Red Dead Redemption 2 No HUD showing Arthur at the swamps

The detailed settings Rockstar has created over the years have become worlds living inside the minds of players. We miss them. We yearn for them. In their trappings, their political leanings, and their wonderfully written protagonists, Rockstar has made experiences that occupy a role in this medium that few others can rival.

And yet, this very success leaves it less room to take risks and to work on projects that are smaller yet have that indefinable magic it’s capable of. From industry rumblings, it’s also apparent that some senior members have left the company, including one of the Housers who it’s said to have driven the dev to make such ambitious titles as RDR2.

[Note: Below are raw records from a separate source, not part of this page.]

lemma smult_smult: "Poly_Mapping.single 0 r * (Poly_Mapping.single 0 s * (p::mpoly)) = Poly_Mapping.single 0 (r * s) * p"
  by (simp add: mult.assoc[symmetric] mult_single)

lemma mpoly_eq_sum_single: "(p::mpoly) = (\<Sum>c\<in>Poly_Mapping.keys p. Poly_Mapping.single c (Poly_Mapping.lookup p c))"
  by (rule poly_mapping_eqI) (simp add: lookup_sum lookup_single when_def in_keys_iff)

lemma mpoly_induct[case_names zero single add]:
  assumes "P 0" "\<And>c v. P (Poly_Mapping.single c v)" "\<And>p q. P p \<Longrightarrow> P q \<Longrightarrow> P (p + q)"
  shows "P (p::mpoly)"
proof -
  have "P (\<Sum>c\<in>S. Poly_Mapping.single c (Poly_Mapping.lookup p c))" if "finite S" for S
    using that by (induction S rule: finite_induct) (auto intro: assms)
  then show ?thesis using mpoly_eq_sum_single[of p] by (metis finite_keys)
qed

lemma dact_eq_sum_superset:
  assumes "finite B" "Poly_Mapping.keys \<alpha> \<subseteq> B" "finite C" "Poly_Mapping.keys g \<subseteq> C"
  shows "dact \<alpha> g = (\<Sum>b\<in>B. \<Sum>c\<in>C. Poly_Mapping.single 0 (Poly_Mapping.lookup \<alpha> b * Poly_Mapping.lookup g c) * dmono b c)"
proof -
  have "dact \<alpha> g = (\<Sum>b\<in>B. \<Sum>c\<in>Poly_Mapping.keys g. Poly_Mapping.single 0 (Poly_Mapping.lookup \<alpha> b * Poly_Mapping.lookup g c) * dmono b c)"
    unfolding dact_def by (rule sum.mono_neutral_left) (auto simp: assms in_keys_iff)
  also have "\<dots> = (\<Sum>b\<in>B. \<Sum>c\<in>C. Poly_Mapping.single 0 (Poly_Mapping.lookup \<alpha> b * Poly_Mapping.lookup g c) * dmono b c)"
    by (rule sum.cong[OF refl], rule sum.mono_neutral_left) (auto simp: assms in_keys_iff)
  finally show ?thesis .
qed

lemma dact_zero_left[simp]: "dact 0 g = 0"
  by (simp add: dact_def)

lemma dact_zero_right[simp]: "dact \<alpha> 0 = 0"
  by (simp add: dact_def)

lemma dact_add_left: "dact (\<alpha> + \<beta>) g = dact \<alpha> g + dact \<beta> g"
  by (subst (1 2 3) dact_eq_sum_superset[where B="Poly_Mapping.keys \<alpha> \<union> Poly_Mapping.keys \<beta> \<union> Poly_Mapping.keys (\<alpha> + \<beta>)"
        and C="Poly_Mapping.keys g"])
     (auto simp: lookup_add distrib_right single_add sum.distrib)

lemma dact_add_right: "dact \<alpha> (g + h) = dact \<alpha> g + dact \<alpha> h"
  by (subst (1 2 3) dact_eq_sum_superset[where C="Poly_Mapping.keys g \<union> Poly_Mapping.keys h \<union> Poly_Mapping.keys (g + h)"
        and B="Poly_Mapping.keys \<alpha>"])
     (auto simp: lookup_add distrib_right distrib_left single_add sum.distrib)

lemma dact_smult_left: "dact (Poly_Mapping.single 0 r * \<alpha>) g = Poly_Mapping.single 0 r * dact \<alpha> g"
  by (subst (1 2) dact_eq_sum_superset[where B="Poly_Mapping.keys \<alpha>" and C="Poly_Mapping.keys g"])
     (auto simp: lookup_smult in_keys_iff sum_distrib_left smult_smult mult.assoc)

lemma dact_smult_right: "dact \<alpha> (Poly_Mapping.single 0 r * g) = Poly_Mapping.single 0 r * dact \<alpha> g"
  by (subst (1 2) dact_eq_sum_superset[where B="Poly_Mapping.keys \<alpha>" and C="Poly_Mapping.keys g"])
     (auto simp: lookup_smult in_keys_iff sum_distrib_left smult_smult mult.assoc mult.left_commute)

lemma dact_sum_left: "dact (\<Sum>i\<in>I. A i) g = (\<Sum>i\<in>I. dact (A i) g)"
  by (induction I rule: infinite_finite_induct) (auto simp: dact_add_left)

lemma dact_sum_right: "dact \<alpha> (\<Sum>i\<in>I. A i) = (\<Sum>i\<in>I. dact \<alpha> (A i))"
  by (induction I rule: infinite_finite_induct) (auto simp: dact_add_right)

lemma dact_diff_left: "dact (\<alpha> - \<beta>) g = dact \<alpha> g - dact \<beta> g"
  by (metis add_diff_cancel_right' dact_add_left diff_add_cancel)

lemma dact_single_single:
  "dact (Poly_Mapping.single b u) (Poly_Mapping.single c v) = Poly_Mapping.single 0 (u * v) * dmono b c"
  by (subst dact_eq_sum_superset[where B="{b}" and C="{c}"]) auto

lemma dmono_not_le: "\<not> (\<forall>i. Poly_Mapping.lookup b i \<le> Poly_Mapping.lookup c i) \<Longrightarrow> dmono b c = 0"
  unfolding dmono_def by auto

lemma prod_fact_ratio_superset:
  assumes "finite S" "Poly_Mapping.keys b \<subseteq> S"
  shows "(\<Prod>i\<in>Poly_Mapping.keys b. real (fact (Poly_Mapping.lookup g i)) / real (fact (Poly_Mapping.lookup g i - Poly_Mapping.lookup b i)))
       = (\<Prod>i\<in>S. real (fact (Poly_Mapping.lookup g i)) / real (fact (Poly_Mapping.lookup g i - Poly_Mapping.lookup b i)))"
  by (rule prod.mono_neutral_left) (auto simp: assms in_keys_iff)

lemma dact_single_dmono: "dact (Poly_Mapping.single b1 1) (dmono b2 c) = dmono (b1 + b2) c"
proof (cases "\<forall>i. Poly_Mapping.lookup b1 i + Poly_Mapping.lookup b2 i \<le> Poly_Mapping.lookup c i")
  case False
  have "dmono (b1 + b2) c = 0"
    using False by (intro dmono_not_le) (simp add: lookup_add)
  moreover have "dact (Poly_Mapping.single b1 1) (dmono b2 c) = 0"
  proof (cases "\<forall>i. Poly_Mapping.lookup b2 i \<le> Poly_Mapping.lookup c i")
    case True
    then have "\<not> (\<forall>i. Poly_Mapping.lookup b1 i \<le> Poly_Mapping.lookup (c - b2) i)"
      using False by (auto simp: lookup_minus le_diff_conv2)
    then show ?thesis
      using True by (simp add: dmono_def[of b2] dact_single_single dmono_not_le)
  qed (simp add: dmono_not_le)
  ultimately show ?thesis by simp
next
  case True
  then have le1: "\<forall>i. Poly_Mapping.lookup b1 i \<le> Poly_Mapping.lookup (c - b2) i"
    and le2: "\<forall>i. Poly_Mapping.lookup b2 i \<le> Poly_Mapping.lookup c i"
    and le12: "\<forall>i. Poly_Mapping.lookup (b1 + b2) i \<le> Poly_Mapping.lookup c i"
    by (auto simp: lookup_minus lookup_add intro: add_le_imp_le_diff add_leD2)
  have "c - b2 - b1 = c - (b1 + b2)"
    by (rule poly_mapping_eqI) (simp add: lookup_add lookup_minus)
  moreover
  let ?S = "Poly_Mapping.keys b1 \<union> Poly_Mapping.keys b2"
  have "(\<Prod>i\<in>Poly_Mapping.keys b2. real (fact (Poly_Mapping.lookup c i)) / real (fact (Poly_Mapping.lookup c i - Poly_Mapping.lookup b2 i)))
      * (\<Prod>i\<in>Poly_Mapping.keys b1. real (fact (Poly_Mapping.lookup (c - b2) i)) / real (fact (Poly_Mapping.lookup (c - b2) i - Poly_Mapping.lookup b1 i)))
      = (\<Prod>i\<in>Poly_Mapping.keys (b1 + b2). real (fact (Poly_Mapping.lookup c i)) / real (fact (Poly_Mapping.lookup c i - Poly_Mapping.lookup (b1 + b2) i)))"
    using keys_add[of b1 b2]
    by (subst (1 2 3) prod_fact_ratio_superset[of ?S])
       (auto simp: prod.distrib[symmetric] lookup_add lookup_minus diff_diff_add add.commute intro!: prod.cong)
  ultimately show ?thesis
    using le1 le2 le12 by (simp add: dmono_def dact_single_single mult_single)
qed

lemma dact_mult_single:
  "dact (Poly_Mapping.single b1 u * Poly_Mapping.single b2 w) (Poly_Mapping.single c v) =
   dact (Poly_Mapping.single b1 u) (dact (Poly_Mapping.single b2 w) (Poly_Mapping.single c v))"
proof -
  have "Poly_Mapping.single b1 u = Poly_Mapping.single 0 u * (Poly_Mapping.single b1 1 :: mpoly)"
    by (simp add: mult_single)
  then have "dact (Poly_Mapping.single b1 u) (dact (Poly_Mapping.single b2 w) (Poly_Mapping.single c v))
      = Poly_Mapping.single 0 (u * (w * v)) * dmono (b1 + b2) c"
    by (simp only: dact_single_single dact_smult_left dact_smult_right dact_single_dmono smult_smult)
       (simp add: mult_ac)
  then show ?thesis
    by (simp add: mult_single dact_single_single mult_ac)
qed

lemma dact_mult: "dact (\<alpha> * \<beta>) g = dact \<alpha> (dact \<beta> g)"
proof (induction \<alpha> rule: mpoly_induct)
  case (single b1 u)
  show ?case
  proof (induction \<beta> rule: mpoly_induct)
    case (single b2 w)
    show ?case
      by (induction g rule: mpoly_induct) (simp_all add: dact_add_right dact_mult_single)
  qed (simp_all add: dact_add_right dact_add_left distrib_left)
qed (simp_all add: dact_add_left distrib_right)

lemma dact_one[simp]: "dact 1 g = g"
proof (induction g rule: mpoly_induct)
  case (single c v)
  have "dmono 0 c = Poly_Mapping.single c 1"
    by (simp add: dmono_def)
  then show ?case
    by (simp add: dact_single_single mult_single flip: single_one del: single_one)
qed (simp_all add: dact_add_right)

lemma dact_mult_commute: "dact \<alpha> (dact \<beta> g) = dact \<beta> (dact \<alpha> g)"
  by (metis dact_mult mult.commute)

definition eval_monom :: "(nat \<Rightarrow> real) \<Rightarrow> (nat \<Rightarrow>\<^sub>0 nat) \<Rightarrow> real" where
  "eval_monom a g = (\<Prod>i\<in>Poly_Mapping.keys g. a i ^ Poly_Mapping.lookup g i)"

lemma eval_monom_superset:
  "finite S \<Longrightarrow> Poly_Mapping.keys g \<subseteq> S \<Longrightarrow> eval_monom a g = (\<Prod>i\<in>S. a i ^ Poly_Mapping.lookup g i)"
  unfolding eval_monom_def by (rule prod.mono_neutral_left) (auto simp: in_keys_iff)

lemma eval_monom_add: "eval_monom a (g + h) = eval_monom a g * eval_monom a h"
  using keys_add[of g h]
  by (subst (1 2 3) eval_monom_superset[of "Poly_Mapping.keys g \<union> Poly_Mapping.keys h"])
     (auto simp: lookup_add power_add prod.distrib)

lemma eval_monom_zero[simp]: "eval_monom a 0 = 1"
  by (simp add: eval_monom_def)

lemma eval_monom_single: "eval_monom a (Poly_Mapping.single i 1) = a i"
  by (simp add: eval_monom_def)

lemma eval_mp_eq_sum_eval_monom:
  "eval_mp a p = (\<Sum>g\<in>Poly_Mapping.keys p. Poly_Mapping.lookup p g * eval_monom a g)"
  by (simp add: eval_mp_def eval_monom_def)

lemma eval_mp_superset:
  "finite C \<Longrightarrow> Poly_Mapping.keys p \<subseteq> C \<Longrightarrow> eval_mp a p = (\<Sum>g\<in>C. Poly_Mapping.lookup p g * eval_monom a g)"
  unfolding eval_mp_eq_sum_eval_monom by (rule sum.mono_neutral_left) (auto simp: in_keys_iff)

Freefalling character in GTA 5 gameplay

But us gamers need GTA to take the edge off of the stuff that’s happening in the real world. The series has always been a dark mirror and parallel to real life, edging toward it with its trademark satire and humour. Its absence is keenly felt. To realise how long it’s been, the target of much of GTA 5’s satire is mostly the politics of the George W Bush era. We’ve had Obama, Trump, and Biden since then. Goodness knows, any of them needed some deflating, because that’s what GTA does so well, pricking the pretentious flatulence of the world whether it’s liberal or conservative.

Whenever GTA 6 does actually arrive, I for one hope that Rockstar remembers its earlier fearlessness and playfulness. Because we all need a dose of that.